===== Supplied entries
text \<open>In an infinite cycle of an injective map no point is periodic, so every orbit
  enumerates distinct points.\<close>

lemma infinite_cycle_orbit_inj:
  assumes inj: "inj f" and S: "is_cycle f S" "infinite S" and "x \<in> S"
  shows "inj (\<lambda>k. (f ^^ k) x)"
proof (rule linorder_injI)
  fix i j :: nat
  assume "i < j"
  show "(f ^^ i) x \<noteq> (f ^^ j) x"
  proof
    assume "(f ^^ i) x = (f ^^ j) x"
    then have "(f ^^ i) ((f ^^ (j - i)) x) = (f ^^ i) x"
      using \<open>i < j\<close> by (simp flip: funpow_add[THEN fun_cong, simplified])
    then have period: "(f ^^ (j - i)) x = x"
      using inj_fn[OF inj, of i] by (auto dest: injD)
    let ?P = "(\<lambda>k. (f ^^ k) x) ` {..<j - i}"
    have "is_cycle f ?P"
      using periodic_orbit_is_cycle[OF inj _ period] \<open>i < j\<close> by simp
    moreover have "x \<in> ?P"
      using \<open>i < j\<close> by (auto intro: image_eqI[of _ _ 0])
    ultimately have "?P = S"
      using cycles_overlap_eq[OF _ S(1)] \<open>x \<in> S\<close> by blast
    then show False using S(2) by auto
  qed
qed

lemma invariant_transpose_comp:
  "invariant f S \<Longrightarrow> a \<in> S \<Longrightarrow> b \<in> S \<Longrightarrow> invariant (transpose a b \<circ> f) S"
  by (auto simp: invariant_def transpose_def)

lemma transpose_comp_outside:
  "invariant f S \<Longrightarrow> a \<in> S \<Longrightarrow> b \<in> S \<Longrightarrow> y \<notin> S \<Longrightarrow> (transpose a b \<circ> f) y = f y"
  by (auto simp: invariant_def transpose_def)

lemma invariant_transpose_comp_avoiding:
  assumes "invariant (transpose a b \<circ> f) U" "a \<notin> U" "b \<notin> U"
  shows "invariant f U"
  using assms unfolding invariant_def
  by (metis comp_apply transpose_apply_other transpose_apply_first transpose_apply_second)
==========
===== Supplied entries
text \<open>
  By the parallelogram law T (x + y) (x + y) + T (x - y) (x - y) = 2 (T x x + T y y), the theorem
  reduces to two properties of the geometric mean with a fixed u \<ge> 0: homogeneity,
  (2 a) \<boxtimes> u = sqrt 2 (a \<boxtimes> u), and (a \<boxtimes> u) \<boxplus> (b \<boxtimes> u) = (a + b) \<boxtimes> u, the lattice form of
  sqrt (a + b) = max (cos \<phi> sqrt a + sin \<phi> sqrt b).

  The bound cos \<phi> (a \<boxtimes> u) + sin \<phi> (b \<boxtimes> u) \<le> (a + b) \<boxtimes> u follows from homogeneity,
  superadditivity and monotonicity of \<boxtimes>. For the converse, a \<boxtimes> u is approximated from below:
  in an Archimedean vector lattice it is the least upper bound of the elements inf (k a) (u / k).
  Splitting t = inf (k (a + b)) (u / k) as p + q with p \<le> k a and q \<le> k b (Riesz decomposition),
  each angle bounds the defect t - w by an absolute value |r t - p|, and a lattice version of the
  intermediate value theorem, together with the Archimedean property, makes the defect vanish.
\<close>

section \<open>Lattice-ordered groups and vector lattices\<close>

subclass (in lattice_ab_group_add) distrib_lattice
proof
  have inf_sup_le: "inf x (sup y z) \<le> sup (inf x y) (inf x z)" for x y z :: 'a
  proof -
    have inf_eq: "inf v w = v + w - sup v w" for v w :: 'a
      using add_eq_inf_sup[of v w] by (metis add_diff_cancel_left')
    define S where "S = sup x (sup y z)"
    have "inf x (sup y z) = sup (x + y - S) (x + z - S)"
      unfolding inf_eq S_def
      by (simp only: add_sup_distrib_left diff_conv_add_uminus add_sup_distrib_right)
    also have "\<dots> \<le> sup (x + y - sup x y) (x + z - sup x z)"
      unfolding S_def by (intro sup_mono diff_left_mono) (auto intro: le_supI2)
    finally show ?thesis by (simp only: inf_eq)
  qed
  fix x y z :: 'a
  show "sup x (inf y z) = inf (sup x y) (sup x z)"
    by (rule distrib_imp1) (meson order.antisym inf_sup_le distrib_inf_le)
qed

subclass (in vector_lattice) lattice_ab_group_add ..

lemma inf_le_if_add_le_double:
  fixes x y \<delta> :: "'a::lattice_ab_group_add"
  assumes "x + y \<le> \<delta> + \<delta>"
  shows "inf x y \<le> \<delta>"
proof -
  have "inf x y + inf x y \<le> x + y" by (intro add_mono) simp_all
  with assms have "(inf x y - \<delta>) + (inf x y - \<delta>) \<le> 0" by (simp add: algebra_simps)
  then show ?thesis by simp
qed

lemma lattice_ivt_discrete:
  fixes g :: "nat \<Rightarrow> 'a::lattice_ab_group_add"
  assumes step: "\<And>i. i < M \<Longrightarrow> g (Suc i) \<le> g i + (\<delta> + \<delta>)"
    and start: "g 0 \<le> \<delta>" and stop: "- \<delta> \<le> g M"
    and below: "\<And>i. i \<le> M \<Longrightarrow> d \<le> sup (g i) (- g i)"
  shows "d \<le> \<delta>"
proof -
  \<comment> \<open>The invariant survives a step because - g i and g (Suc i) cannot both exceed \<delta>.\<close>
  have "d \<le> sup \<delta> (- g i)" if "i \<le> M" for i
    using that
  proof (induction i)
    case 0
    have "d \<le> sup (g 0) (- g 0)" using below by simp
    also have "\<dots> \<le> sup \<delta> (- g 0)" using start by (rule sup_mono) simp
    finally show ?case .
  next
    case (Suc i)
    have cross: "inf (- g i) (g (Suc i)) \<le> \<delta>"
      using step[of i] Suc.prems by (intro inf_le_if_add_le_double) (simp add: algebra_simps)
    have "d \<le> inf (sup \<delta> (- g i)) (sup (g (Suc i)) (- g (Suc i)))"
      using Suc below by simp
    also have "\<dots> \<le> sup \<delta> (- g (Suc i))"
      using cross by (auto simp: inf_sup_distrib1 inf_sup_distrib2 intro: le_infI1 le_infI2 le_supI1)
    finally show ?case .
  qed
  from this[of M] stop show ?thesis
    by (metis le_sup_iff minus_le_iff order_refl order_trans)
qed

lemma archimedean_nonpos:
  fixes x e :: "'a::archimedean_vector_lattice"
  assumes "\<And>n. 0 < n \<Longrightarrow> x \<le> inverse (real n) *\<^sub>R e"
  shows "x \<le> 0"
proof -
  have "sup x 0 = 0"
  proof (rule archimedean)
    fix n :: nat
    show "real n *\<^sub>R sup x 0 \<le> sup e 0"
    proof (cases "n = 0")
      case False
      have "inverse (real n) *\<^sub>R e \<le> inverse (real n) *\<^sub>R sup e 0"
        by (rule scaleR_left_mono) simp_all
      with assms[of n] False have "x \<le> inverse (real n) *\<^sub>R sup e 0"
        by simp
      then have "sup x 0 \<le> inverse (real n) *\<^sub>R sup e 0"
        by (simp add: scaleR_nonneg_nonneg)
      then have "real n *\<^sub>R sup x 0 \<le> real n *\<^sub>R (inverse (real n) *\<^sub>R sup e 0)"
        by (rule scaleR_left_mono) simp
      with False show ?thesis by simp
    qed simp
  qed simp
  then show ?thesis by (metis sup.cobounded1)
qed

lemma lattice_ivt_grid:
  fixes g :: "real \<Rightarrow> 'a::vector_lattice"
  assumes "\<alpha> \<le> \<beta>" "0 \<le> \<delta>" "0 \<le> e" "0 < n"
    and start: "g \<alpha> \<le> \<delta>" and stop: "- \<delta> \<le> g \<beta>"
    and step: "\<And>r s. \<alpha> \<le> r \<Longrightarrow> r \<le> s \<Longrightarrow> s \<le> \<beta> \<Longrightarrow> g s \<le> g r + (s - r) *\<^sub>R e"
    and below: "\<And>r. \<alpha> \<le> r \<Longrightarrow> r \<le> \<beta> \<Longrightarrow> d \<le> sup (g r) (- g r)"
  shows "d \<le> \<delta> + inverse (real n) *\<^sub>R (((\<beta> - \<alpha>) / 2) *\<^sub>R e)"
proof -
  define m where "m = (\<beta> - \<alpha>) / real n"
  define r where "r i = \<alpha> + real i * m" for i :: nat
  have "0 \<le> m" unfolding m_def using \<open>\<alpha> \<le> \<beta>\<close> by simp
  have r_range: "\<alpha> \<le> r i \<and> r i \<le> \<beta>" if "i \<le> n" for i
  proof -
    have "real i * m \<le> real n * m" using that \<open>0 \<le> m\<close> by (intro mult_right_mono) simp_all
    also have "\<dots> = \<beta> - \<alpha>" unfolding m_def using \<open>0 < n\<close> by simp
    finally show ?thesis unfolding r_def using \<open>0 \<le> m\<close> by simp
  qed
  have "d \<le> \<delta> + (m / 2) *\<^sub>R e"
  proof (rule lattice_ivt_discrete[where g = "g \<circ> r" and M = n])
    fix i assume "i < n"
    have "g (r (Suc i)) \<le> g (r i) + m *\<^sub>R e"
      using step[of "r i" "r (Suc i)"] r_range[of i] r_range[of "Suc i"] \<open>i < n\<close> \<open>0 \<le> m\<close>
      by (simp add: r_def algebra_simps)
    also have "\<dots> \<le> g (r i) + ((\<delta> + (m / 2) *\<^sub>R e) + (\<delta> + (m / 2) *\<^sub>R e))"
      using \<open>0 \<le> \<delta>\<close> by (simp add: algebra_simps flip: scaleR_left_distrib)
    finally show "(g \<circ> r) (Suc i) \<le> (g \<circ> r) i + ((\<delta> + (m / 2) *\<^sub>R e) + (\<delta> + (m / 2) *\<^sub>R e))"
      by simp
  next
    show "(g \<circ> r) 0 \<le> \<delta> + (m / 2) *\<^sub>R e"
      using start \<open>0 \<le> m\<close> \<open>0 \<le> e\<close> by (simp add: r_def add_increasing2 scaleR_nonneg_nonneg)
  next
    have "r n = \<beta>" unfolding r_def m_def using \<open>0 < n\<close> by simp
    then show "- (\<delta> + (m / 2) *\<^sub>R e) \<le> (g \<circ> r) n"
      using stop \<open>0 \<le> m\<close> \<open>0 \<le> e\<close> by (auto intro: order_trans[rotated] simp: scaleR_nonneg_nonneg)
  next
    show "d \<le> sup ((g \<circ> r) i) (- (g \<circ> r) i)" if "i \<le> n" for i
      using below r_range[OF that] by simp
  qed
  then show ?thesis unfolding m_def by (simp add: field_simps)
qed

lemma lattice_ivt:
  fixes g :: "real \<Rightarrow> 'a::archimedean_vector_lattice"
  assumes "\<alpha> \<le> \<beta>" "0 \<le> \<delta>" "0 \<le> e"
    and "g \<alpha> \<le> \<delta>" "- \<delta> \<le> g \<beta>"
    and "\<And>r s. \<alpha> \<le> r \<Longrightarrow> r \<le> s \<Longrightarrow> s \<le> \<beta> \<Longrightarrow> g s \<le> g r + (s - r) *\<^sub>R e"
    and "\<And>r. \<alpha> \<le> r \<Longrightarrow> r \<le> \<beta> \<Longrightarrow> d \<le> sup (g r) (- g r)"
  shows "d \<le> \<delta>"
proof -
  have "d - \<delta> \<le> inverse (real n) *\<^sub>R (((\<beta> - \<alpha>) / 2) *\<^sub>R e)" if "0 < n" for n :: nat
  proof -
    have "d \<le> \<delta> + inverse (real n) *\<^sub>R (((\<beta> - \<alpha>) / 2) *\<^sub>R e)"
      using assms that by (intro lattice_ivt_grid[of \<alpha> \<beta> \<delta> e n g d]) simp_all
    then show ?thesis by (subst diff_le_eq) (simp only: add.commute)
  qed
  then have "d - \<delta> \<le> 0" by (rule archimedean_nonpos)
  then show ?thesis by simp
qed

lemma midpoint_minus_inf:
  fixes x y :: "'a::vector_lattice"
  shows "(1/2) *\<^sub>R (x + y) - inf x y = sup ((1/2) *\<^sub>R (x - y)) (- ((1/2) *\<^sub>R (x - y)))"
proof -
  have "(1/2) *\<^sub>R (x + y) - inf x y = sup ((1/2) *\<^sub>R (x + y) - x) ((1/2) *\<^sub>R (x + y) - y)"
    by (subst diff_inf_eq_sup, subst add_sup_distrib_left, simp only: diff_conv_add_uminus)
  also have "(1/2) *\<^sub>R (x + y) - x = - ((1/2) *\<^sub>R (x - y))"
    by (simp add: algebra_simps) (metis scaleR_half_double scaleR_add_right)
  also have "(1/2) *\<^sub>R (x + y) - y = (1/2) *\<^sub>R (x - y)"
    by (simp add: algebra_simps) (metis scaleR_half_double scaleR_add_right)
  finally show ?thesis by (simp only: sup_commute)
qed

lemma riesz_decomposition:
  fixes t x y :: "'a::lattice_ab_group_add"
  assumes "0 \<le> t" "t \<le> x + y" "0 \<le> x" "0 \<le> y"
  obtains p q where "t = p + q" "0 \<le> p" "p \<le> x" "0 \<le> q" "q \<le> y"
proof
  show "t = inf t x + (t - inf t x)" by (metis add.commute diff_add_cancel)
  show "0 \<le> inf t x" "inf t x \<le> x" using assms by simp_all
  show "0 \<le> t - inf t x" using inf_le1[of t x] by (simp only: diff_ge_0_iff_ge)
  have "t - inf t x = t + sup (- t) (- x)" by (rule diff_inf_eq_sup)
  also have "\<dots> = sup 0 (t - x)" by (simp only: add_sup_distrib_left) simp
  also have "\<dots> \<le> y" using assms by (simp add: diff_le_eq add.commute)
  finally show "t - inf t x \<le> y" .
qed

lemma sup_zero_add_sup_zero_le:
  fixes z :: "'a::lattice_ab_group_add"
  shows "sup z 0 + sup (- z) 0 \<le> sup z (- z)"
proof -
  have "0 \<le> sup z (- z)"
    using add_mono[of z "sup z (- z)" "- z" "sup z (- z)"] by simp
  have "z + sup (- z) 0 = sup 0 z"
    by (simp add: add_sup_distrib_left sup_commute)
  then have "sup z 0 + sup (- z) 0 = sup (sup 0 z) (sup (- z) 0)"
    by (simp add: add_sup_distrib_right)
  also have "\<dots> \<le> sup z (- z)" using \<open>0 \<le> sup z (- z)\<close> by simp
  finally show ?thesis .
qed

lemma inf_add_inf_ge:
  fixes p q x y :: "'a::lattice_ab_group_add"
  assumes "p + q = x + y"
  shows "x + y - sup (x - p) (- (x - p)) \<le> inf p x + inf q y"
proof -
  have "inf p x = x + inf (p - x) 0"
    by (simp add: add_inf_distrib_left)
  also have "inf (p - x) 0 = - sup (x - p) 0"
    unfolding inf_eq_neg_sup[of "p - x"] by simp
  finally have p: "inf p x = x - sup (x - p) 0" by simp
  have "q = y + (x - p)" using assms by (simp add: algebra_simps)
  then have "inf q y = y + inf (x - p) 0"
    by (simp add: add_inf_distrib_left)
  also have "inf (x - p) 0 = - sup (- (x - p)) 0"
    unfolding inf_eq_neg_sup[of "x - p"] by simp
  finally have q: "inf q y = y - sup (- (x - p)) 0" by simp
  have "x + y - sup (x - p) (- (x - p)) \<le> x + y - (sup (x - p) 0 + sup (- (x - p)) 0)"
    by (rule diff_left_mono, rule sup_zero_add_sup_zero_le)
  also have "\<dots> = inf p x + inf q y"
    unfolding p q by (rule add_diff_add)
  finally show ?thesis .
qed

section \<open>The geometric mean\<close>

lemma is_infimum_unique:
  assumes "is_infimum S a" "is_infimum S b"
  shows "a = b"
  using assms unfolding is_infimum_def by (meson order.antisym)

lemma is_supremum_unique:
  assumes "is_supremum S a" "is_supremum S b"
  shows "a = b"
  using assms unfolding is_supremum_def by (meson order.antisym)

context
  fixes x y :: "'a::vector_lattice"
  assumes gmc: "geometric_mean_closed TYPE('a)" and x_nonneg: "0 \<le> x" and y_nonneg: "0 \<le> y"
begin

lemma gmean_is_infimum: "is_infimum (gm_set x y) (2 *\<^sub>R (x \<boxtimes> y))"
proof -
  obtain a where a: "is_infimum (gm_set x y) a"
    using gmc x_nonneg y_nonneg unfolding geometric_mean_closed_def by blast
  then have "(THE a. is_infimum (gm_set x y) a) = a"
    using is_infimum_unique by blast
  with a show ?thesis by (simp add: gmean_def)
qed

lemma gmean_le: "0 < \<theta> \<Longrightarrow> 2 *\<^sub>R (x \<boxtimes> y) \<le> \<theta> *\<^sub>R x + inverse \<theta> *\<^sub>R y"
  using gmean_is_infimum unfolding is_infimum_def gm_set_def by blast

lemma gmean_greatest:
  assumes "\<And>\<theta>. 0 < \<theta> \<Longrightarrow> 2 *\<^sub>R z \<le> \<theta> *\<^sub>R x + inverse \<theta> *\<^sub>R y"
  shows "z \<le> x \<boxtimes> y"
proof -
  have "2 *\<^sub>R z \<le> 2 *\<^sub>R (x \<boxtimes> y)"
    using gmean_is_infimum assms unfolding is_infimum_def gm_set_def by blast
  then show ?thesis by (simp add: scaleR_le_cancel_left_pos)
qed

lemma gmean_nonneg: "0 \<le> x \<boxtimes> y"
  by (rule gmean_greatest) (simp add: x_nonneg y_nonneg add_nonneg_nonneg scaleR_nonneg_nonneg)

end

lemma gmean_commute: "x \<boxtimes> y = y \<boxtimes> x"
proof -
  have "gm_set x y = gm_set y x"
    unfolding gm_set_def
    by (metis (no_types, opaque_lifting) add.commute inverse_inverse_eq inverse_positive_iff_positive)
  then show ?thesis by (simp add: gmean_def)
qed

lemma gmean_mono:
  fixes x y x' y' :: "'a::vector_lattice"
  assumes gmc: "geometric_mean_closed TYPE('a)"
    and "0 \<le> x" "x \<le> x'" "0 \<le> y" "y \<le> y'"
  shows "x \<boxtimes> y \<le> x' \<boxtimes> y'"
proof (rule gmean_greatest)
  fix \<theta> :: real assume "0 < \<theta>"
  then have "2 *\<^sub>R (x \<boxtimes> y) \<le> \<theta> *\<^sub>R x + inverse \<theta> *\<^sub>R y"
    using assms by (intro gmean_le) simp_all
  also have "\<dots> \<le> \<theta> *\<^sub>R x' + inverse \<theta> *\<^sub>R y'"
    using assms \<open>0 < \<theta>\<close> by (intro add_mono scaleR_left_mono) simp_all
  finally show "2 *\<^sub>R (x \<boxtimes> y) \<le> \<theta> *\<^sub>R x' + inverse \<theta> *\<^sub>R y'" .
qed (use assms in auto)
==========
===== Supplied entries
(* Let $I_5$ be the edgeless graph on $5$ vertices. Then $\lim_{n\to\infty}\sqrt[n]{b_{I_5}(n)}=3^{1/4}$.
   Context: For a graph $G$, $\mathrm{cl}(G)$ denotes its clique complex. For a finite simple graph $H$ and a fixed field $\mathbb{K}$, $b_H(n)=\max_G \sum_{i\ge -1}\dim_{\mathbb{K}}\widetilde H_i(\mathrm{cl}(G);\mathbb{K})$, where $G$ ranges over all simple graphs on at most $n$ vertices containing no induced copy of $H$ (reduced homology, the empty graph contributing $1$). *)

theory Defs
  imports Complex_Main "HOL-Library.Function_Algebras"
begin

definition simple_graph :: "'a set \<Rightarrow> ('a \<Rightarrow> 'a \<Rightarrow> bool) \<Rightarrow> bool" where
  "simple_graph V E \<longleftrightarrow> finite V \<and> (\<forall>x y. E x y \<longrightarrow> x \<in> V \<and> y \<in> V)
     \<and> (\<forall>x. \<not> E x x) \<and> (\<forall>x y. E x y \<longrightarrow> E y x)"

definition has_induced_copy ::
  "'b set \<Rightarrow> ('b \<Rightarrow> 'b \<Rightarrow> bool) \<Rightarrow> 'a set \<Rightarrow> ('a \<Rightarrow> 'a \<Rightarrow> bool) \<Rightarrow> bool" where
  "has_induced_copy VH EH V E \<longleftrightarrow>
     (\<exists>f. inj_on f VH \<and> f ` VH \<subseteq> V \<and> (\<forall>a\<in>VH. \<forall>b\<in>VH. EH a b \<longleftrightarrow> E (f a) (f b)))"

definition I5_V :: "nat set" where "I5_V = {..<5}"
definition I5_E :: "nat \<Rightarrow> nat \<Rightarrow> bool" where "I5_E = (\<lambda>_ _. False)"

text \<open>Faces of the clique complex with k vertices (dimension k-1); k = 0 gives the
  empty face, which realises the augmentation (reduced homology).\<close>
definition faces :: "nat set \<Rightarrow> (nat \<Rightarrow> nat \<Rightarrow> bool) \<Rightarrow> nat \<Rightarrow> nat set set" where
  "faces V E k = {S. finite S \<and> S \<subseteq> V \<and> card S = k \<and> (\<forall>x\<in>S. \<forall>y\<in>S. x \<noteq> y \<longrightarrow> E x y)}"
==========
Brief: Among the lines above, list those that contain the word "start".

Solution for this task:
    and start: "g 0 \<le> \<delta>" and stop: "- \<delta> \<le> g M"
    also have "\<dots> \<le> sup \<delta> (- g 0)" using start by (rule sup_mono) simp
    and start: "g \<alpha> \<le> \<delta>" and stop: "- \<delta> \<le> g \<beta>"
      using start \<open>0 \<le> m\<close> \<open>0 \<le> e\<close> by (simp add: r_def add_increasing2 scaleR_nonneg_nonneg)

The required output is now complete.